Problem details: Instruction for the entries that follow: retype exactly the lines from the line with "b \<Longrightarrow> isCont" to the line with "that(2) by auto", both included, and omit all others.
───── Records for this exercise
(* Let $\mu\geq\nu>-1$ and $x\in(0,\alpha_{\nu,1})$. Then $$2^\mu\Gamma(\mu+1)x^{-\mu}d_\mu(x)\ \ge\ 2^\nu\Gamma(\nu+1)x^{-\nu}d_\nu(x),\quad\text{i.e.}\quad x^{\nu-\mu}\frac{d_\mu(x)}{d_\nu(x)}\geq 2^{\nu-\mu}\frac{\Gamma(\nu+1)}{\Gamma(\mu+1)},$$ and $$\frac{d_\mu'(x)}{d_\mu(x)}\geq\frac{d_\nu'(x)}{d_\nu(x)}.$$ Moreover, the function $x\mapsto d_\mu(x)/d_\nu(x)$ is increasing on $(0,\alpha_{\nu,1})$.
   Context: $J_\nu$ denotes the Bessel function of the first kind of order $\nu$. The Dini function is $d_\nu(x)=(1-\nu)J_\nu(x)+xJ_\nu'(x)$, and $\alpha_{\nu,1}$ denotes its first positive zero (one has $\alpha_{\nu,1}\le\alpha_{\mu,1}$ for $\mu\ge\nu>-1$). *)

theory Defs
  imports "HOL-Analysis.Analysis"
begin

definition bessel_J :: "real \<Rightarrow> real \<Rightarrow> real" where
  "bessel_J nu x = (\<Sum>n. (-1) ^ n / (fact n * Gamma (real n + nu + 1)) * (x / 2) powr (2 * real n + nu))"

definition dini :: "real \<Rightarrow> real \<Rightarrow> real" where
  "dini nu x = (1 - nu) * bessel_J nu x + x * deriv (bessel_J nu) x"

definition dini_zero1 :: "real \<Rightarrow> real" where
  "dini_zero1 nu = Inf {x. 0 < x \<and> dini nu x = 0}"

end

theory Submission
  imports Defs
begin

text \<open>
  Write J_nu(x) = x^nu G(x^2) / (2^nu Gamma(nu + 1)) with an entire power series G satisfying
  4 y G'' + 4 (nu + 1) G' + G = 0. Then d_nu(x) = x^nu W_nu(x) / (2^nu Gamma(nu + 1)) with
  W_nu(t) = G(t^2) + 2 t^2 G'(t^2), W_nu(0) = 1, and the negative logarithmic derivative
  Q_nu = -W_nu'/W_nu is expressed through a solution V_nu of a Riccati equation.
  A comparison principle (a function that starts positive and can only cross zero upwards stays
  positive) shows V_nu > 0, Q_nu > 0, and that V and Q strictly decrease in the order.
  Hence W_mu / W_nu is increasing with value 1 at 0 for mu \<ge> nu, which by continuous induction
  also keeps W_mu positive below the first zero of d_nu. All four claims of the theorem follow
  by rewriting d_nu, d_nu' and d_mu / d_nu in terms of W and Q.
\<close>

lemma nonneg_at_left_limit:
  fixes g :: "real \<Rightarrow> real"
  assumes "isCont g s" and "\<forall>\<^sub>F t in at_left s. g t \<ge> 0"
  shows "g s \<ge> 0"
proof (rule tendsto_lowerbound[OF _ assms(2)])
  show "(g \<longlongrightarrow> g s) (at_left s)"
    using assms(1) unfolding isCont_def by (rule tendsto_mono[OF at_le, rotated]) simp
qed simp

lemma positive_continuation:
  fixes f :: "real \<Rightarrow> real"
  assumes cont: "\<And>t. a < t \<Longrightarrow> t < b \<Longrightarrow> isCont f t"
    and start: "\<forall>\<^sub>F t in at_right a. f t > 0"
    and step: "\<And>s. a < s \<Longrightarrow> s < b \<Longrightarrow> (\<And>t. a < t \<Longrightarrow> t < s \<Longrightarrow> f t > 0) \<Longrightarrow> f s > 0"
    and t: "a < t" "t < b"
  shows "f t > 0"
proof (rule ccontr)
  assume "\<not> f t > 0"
  obtain e where e: "a < e" "\<And>r. a < r \<Longrightarrow> r < e \<Longrightarrow> f r > 0"
    using start by (auto simp: eventually_at_right_field)
  define c where "c = (a + min e t) / 2"
  have c: "a < c" "c < e" "c \<le> t" using e(1) t(1) unfolding c_def by auto
  text \<open>The set of non-positive points in [c, t] is closed; its least element s is the
    first point where positivity fails.\<close>
  define S where "S = {c..t} \<inter> f -` {..0}"
  have "continuous_on {c..t} f"
    using c t by (intro continuous_at_imp_continuous_on ballI cont) auto
  then have "closed S" unfolding S_def by (intro continuous_closed_preimage) auto
  moreover have tS: "t \<in> S" using c \<open>\<not> f t > 0\<close> unfolding S_def by auto
  moreover have bdd: "bdd_below S" unfolding S_def by (rule bdd_belowI[of _ c]) auto
  ultimately have "Inf S \<in> S" by (intro closed_contains_Inf) auto
  then have s: "c \<le> Inf S" "Inf S \<le> t" "f (Inf S) \<le> 0" unfolding S_def by auto
  have "f r > 0" if "a < r" "r < Inf S" for r
  proof (cases "r < c")
    case False
    then have "r \<notin> S" using cInf_lower[OF _ bdd, of r] that(2) by auto
    then show ?thesis using False that s(2) unfolding S_def by auto
  qed (use e(2) c that in auto)
  moreover have "a < Inf S" "Inf S < b" using c s t by linarith+
  ultimately have "f (Inf S) > 0" using step by blast
  with s(3) show False by simp
qed

lemma positive_by_crossing:
  fixes h h' :: "real \<Rightarrow> real"
  assumes deriv: "\<And>t. a < t \<Longrightarrow> t < b \<Longrightarrow> (h has_real_derivative h' t) (at t)"
    and start: "\<forall>\<^sub>F t in at_right a. h t > 0"
    and crossing: "\<And>t. a < t \<Longrightarrow> t < b \<Longrightarrow> h t = 0 \<Longrightarrow> h' t > 0"
    and t: "a < t" "t < b"
  shows "h t > 0"
proof (rule positive_continuation[where f = h, OF _ start _ t])
  show "isCont h t" if "a < t" "t < b" for t
    using DERIV_isCont[OF deriv[OF that]] .
next
  fix s assume s: "a < s" "s < b" and pos: "\<And>t. a < t \<Longrightarrow> t < s \<Longrightarrow> h t > 0"
  have "h s \<ge> 0"
  proof (rule nonneg_at_left_limit[where g = h])
    show "isCont h s" using DERIV_isCont[OF deriv[OF s]] .
    show "\<forall>\<^sub>F t in at_left s. h t \<ge> 0"
      unfolding eventually_at_left_field using s pos by (intro exI[of _ a]) (auto intro: less_imp_le)
  qed
  moreover have "h s \<noteq> 0"
  proof
    assume "h s = 0"
    then obtain d where d: "d > 0" "\<And>k. 0 < k \<Longrightarrow> k < d \<Longrightarrow> h (s - k) < 0"
      using DERIV_pos_inc_left[OF deriv[OF s] crossing[OF s]] by auto
    define k where "k = min d (s - a) / 2"
    have "0 < k" "k < d" "k < s - a" using d(1) s unfolding k_def by auto
    then show False using d(2)[of k] pos[of "s - k"] by auto
  qed
  ultimately show "h s > 0" by simp
qed

lemma eventually_pos_at_right:
  fixes f :: "real \<Rightarrow> real"
  assumes "isCont f a" and "f a > 0"
  shows "\<forall>\<^sub>F t in at_right a. f t > 0"
  using order_tendstoD(1)[OF assms(1)[unfolded isCont_def] assms(2)]
  by (rule filter_leD[OF at_le, rotated]) simp

text \<open>The quantities compared below all vanish at 0 and have the form t * f t; if
  f 0 > 0 they are positive immediately to the right of 0.\<close>

lemma eventually_pos_at_right_0:
  fixes f :: "real \<Rightarrow> real"
  assumes "isCont f 0" and "f 0 > 0"
  shows "\<forall>\<^sub>F t in at_right 0. t * f t > 0"
  using eventually_pos_at_right[OF assms] eventually_at_right_less[of "0::real"]
  by eventually_elim simp

text \<open>Normalised coefficients of the entire factor of the Bessel function:
  J_nu(x) = x^nu / (2^nu Gamma(nu + 1)) * G(x^2) with G(y) = sum of bessel_coeff nu n * y^n.\<close>

fun bessel_coeff :: "real \<Rightarrow> nat \<Rightarrow> real" where
  "bessel_coeff nu 0 = 1"
| "bessel_coeff nu (Suc n) = - bessel_coeff nu n / (4 * (real n + 1) * (real n + nu + 1))"

lemma bessel_coeff_recurrence:
  assumes "nu > -1"
  shows "4 * (real n + 1) * (real n + nu + 1) * bessel_coeff nu (Suc n) + bessel_coeff nu n = 0"
proof -
  have "4 * (real n + 1) * (real n + nu + 1) \<noteq> 0" using assms by (simp add: add_pos_pos)
  then show ?thesis by simp
qed

lemma bessel_coeff_Gamma:
  assumes "nu > -1"
  shows "bessel_coeff nu n = (-1) ^ n * Gamma (nu + 1) / (fact n * Gamma (real n + nu + 1) * 4 ^ n)"
proof (induction n)
  case 0
  have "Gamma (nu + 1) > 0" using assms by simp
  then show ?case by simp
next
  case (Suc n)
  have pos: "real n + nu + 1 > 0" using assms by linarith
  then have "real n + nu + 1 \<notin> \<int>\<^sub>\<le>\<^sub>0" using nonpos_Ints_nonpos by fastforce
  then have "Gamma (real (Suc n) + nu + 1) = (real n + nu + 1) * Gamma (real n + nu + 1)"
    using Gamma_plus1[of "real n + nu + 1"] by (simp add: add_ac)
  moreover have "Gamma (real n + nu + 1) > 0" using pos by simp
  ultimately show ?case using pos unfolding bessel_coeff.simps Suc by (simp add: field_simps)
qed

lemma bessel_coeff_summable:
  assumes "nu > -1"
  shows "summable (\<lambda>n. bessel_coeff nu n * y ^ n)"
proof (rule summable_ratio_test[where c = "1/2" and N = "nat \<lceil>\<bar>y\<bar>\<rceil> + 1"])
  fix n assume n: "n \<ge> nat \<lceil>\<bar>y\<bar>\<rceil> + 1"
  define D where "D = 4 * (real n + 1) * (real n + nu + 1)"
  have "real n + nu + 1 \<ge> \<bar>y\<bar>" using n assms by linarith
  moreover have "D \<ge> 2 * (real n + nu + 1)"
    unfolding D_def using assms by (intro mult_right_mono) auto
  moreover have pos: "real n + nu + 1 > 0" using assms by (simp add: add_pos_pos)
  ultimately have D: "D \<ge> 2 * \<bar>y\<bar>" "D > 0" by auto
  have "norm (bessel_coeff nu (Suc n) * y ^ Suc n) = norm (bessel_coeff nu n * y ^ n) * (\<bar>y\<bar> / D)"
    using pos unfolding D_def by (simp add: abs_mult power_abs abs_divide)
  also have "\<dots> \<le> norm (bessel_coeff nu n * y ^ n) * (1/2)"
    using D by (intro mult_left_mono) (auto simp: field_simps)
  finally show "norm (bessel_coeff nu (Suc n) * y ^ Suc n) \<le> 1/2 * norm (bessel_coeff nu n * y ^ n)"
    by (simp add: mult.commute)
qed simp

definition besselG :: "real \<Rightarrow> real \<Rightarrow> real" where
  "besselG nu y = (\<Sum>n. bessel_coeff nu n * y ^ n)"
definition besselG' :: "real \<Rightarrow> real \<Rightarrow> real" where
  "besselG' nu y = (\<Sum>n. diffs (bessel_coeff nu) n * y ^ n)"
definition besselG'' :: "real \<Rightarrow> real \<Rightarrow> real" where
  "besselG'' nu y = (\<Sum>n. diffs (diffs (bessel_coeff nu)) n * y ^ n)"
──────────
Answer to the problem:
  assumes cont: "\<And>t. a < t \<Longrightarrow> t < b \<Longrightarrow> isCont f t"
    and start: "\<forall>\<^sub>F t in at_right a. f t > 0"
    and step: "\<And>s. a < s \<Longrightarrow> s < b \<Longrightarrow> (\<And>t. a < t \<Longrightarrow> t < s \<Longrightarrow> f t > 0) \<Longrightarrow> f s > 0"
    and t: "a < t" "t < b"
  shows "f t > 0"
proof (rule ccontr)
  assume "\<not> f t > 0"
  obtain e where e: "a < e" "\<And>r. a < r \<Longrightarrow> r < e \<Longrightarrow> f r > 0"
    using start by (auto simp: eventually_at_right_field)
  define c where "c = (a + min e t) / 2"
  have c: "a < c" "c < e" "c \<le> t" using e(1) t(1) unfolding c_def by auto
  text \<open>The set of non-positive points in [c, t] is closed; its least element s is the
    first point where positivity fails.\<close>
  define S where "S = {c..t} \<inter> f -` {..0}"
  have "continuous_on {c..t} f"
    using c t by (intro continuous_at_imp_continuous_on ballI cont) auto
  then have "closed S" unfolding S_def by (intro continuous_closed_preimage) auto
  moreover have tS: "t \<in> S" using c \<open>\<not> f t > 0\<close> unfolding S_def by auto
  moreover have bdd: "bdd_below S" unfolding S_def by (rule bdd_belowI[of _ c]) auto
  ultimately have "Inf S \<in> S" by (intro closed_contains_Inf) auto
  then have s: "c \<le> Inf S" "Inf S \<le> t" "f (Inf S) \<le> 0" unfolding S_def by auto
  have "f r > 0" if "a < r" "r < Inf S" for r
  proof (cases "r < c")
    case False
    then have "r \<notin> S" using cInf_lower[OF _ bdd, of r] that(2) by auto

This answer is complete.